Segment Open

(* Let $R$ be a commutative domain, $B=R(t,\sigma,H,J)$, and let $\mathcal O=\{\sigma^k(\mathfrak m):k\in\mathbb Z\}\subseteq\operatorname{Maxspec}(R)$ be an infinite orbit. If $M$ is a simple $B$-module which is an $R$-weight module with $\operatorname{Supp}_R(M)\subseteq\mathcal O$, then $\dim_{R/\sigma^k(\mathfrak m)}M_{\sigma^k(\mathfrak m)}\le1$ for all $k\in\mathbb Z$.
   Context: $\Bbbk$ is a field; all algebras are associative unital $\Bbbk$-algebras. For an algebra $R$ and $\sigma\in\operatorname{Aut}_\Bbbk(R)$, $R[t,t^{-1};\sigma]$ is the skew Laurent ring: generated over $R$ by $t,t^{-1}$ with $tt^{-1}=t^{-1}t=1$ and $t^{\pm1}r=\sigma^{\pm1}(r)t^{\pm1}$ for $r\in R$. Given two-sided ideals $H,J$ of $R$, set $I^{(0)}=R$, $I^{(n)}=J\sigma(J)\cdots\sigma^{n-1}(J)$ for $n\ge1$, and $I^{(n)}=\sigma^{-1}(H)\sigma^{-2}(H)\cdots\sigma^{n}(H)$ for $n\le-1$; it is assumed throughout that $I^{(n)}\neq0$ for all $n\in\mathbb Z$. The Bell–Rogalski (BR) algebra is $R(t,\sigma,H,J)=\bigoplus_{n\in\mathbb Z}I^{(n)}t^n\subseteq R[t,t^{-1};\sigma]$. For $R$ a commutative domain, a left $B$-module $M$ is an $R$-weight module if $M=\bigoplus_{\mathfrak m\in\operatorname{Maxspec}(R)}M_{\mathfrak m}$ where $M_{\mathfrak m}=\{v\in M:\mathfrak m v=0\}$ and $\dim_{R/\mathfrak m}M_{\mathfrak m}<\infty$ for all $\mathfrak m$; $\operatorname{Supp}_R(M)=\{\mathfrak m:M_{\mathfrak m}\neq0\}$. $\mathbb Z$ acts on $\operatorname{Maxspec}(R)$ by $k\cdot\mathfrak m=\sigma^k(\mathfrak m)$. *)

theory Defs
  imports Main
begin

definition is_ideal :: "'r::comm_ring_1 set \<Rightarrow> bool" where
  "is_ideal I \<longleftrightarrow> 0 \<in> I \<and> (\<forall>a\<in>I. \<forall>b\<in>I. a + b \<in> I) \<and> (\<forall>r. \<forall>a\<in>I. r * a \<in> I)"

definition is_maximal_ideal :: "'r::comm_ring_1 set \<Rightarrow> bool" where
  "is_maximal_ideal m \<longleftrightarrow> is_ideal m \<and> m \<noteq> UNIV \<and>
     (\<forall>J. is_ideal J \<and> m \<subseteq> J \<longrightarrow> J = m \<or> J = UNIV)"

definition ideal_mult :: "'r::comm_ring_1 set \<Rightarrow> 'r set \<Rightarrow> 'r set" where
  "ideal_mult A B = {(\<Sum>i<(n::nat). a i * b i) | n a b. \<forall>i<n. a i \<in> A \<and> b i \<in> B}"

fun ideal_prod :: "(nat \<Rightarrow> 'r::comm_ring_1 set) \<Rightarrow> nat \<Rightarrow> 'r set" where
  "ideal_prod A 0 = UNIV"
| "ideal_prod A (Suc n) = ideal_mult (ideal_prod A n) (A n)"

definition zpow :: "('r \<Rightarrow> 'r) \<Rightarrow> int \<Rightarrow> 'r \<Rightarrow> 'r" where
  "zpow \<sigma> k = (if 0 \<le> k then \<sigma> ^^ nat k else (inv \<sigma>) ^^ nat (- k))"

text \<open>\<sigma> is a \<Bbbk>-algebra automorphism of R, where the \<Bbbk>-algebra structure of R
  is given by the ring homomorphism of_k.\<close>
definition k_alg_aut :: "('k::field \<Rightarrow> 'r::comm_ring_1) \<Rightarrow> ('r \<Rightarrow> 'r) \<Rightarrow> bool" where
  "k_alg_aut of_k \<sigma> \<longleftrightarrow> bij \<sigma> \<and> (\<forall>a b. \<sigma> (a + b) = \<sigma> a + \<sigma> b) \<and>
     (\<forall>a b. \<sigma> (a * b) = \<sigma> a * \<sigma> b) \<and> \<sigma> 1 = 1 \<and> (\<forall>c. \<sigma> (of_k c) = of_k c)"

Segment Closed
Segment Open

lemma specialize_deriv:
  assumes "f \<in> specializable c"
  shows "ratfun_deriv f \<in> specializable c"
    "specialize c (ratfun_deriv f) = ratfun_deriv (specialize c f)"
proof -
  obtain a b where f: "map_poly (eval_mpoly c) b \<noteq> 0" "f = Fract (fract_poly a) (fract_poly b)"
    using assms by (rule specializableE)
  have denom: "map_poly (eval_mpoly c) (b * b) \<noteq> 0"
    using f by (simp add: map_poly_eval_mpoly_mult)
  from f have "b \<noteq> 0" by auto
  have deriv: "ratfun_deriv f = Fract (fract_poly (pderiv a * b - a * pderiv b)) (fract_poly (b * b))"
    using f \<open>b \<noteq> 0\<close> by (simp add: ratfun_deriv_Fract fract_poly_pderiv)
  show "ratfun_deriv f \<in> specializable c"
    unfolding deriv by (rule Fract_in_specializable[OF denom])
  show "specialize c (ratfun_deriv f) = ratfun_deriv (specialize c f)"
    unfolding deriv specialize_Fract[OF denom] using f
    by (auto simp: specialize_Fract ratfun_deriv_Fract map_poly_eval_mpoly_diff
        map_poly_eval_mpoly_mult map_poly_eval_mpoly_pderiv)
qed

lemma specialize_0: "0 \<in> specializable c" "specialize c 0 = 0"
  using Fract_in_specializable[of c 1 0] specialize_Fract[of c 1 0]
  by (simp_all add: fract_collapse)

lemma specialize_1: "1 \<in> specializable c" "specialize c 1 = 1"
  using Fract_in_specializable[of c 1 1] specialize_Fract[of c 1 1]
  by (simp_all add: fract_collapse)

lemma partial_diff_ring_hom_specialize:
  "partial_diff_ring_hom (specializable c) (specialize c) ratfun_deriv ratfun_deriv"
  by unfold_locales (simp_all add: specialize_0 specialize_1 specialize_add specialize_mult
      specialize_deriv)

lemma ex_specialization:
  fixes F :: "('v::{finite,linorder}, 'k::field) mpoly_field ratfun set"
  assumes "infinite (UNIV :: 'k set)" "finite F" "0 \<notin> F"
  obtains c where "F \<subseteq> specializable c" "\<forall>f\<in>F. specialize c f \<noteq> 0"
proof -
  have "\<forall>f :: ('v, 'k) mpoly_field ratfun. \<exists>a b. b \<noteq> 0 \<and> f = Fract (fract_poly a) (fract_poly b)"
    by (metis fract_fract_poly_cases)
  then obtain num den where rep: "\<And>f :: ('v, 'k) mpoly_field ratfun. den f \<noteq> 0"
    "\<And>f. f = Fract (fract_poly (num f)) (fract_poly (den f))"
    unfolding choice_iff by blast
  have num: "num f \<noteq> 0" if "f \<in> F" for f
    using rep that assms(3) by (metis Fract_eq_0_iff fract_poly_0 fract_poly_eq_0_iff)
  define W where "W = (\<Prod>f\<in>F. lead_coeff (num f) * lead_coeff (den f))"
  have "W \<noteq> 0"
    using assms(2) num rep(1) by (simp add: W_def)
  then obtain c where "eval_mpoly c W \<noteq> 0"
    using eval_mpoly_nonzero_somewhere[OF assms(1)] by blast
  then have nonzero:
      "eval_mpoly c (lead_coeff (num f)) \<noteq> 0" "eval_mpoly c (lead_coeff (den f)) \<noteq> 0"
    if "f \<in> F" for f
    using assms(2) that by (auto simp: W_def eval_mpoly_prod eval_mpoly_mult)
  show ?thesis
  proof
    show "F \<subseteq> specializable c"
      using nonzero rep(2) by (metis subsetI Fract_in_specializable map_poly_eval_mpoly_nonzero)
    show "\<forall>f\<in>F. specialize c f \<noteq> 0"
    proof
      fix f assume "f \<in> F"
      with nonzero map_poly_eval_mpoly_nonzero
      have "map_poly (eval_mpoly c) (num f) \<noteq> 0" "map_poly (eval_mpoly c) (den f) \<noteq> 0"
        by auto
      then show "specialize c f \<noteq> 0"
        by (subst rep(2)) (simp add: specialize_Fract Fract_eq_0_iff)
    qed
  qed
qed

Segment Closed

> **WHAT YOU WILL DO**: Of the entries above, repeat exactly the lines between the line with "(\<forall>J. is_ideal J" and the line with "(if 0 \<le>", inclusive, and no others.

> **ANSWER TO THE PROBLEM**:
     (\<forall>J. is_ideal J \<and> m \<subseteq> J \<longrightarrow> J = m \<or> J = UNIV)"

definition ideal_mult :: "'r::comm_ring_1 set \<Rightarrow> 'r set \<Rightarrow> 'r set" where
  "ideal_mult A B = {(\<Sum>i<(n::nat). a i * b i) | n a b. \<forall>i<n. a i \<in> A \<and> b i \<in> B}"

fun ideal_prod :: "(nat \<Rightarrow> 'r::comm_ring_1 set) \<Rightarrow> nat \<Rightarrow> 'r set" where
  "ideal_prod A 0 = UNIV"
| "ideal_prod A (Suc n) = ideal_mult (ideal_prod A n) (A n)"

definition zpow :: "('r \<Rightarrow> 'r) \<Rightarrow> int \<Rightarrow> 'r \<Rightarrow> 'r" where
  "zpow \<sigma> k = (if 0 \<le> k then \<sigma> ^^ nat k else (inv \<sigma>) ^^ nat (- k))"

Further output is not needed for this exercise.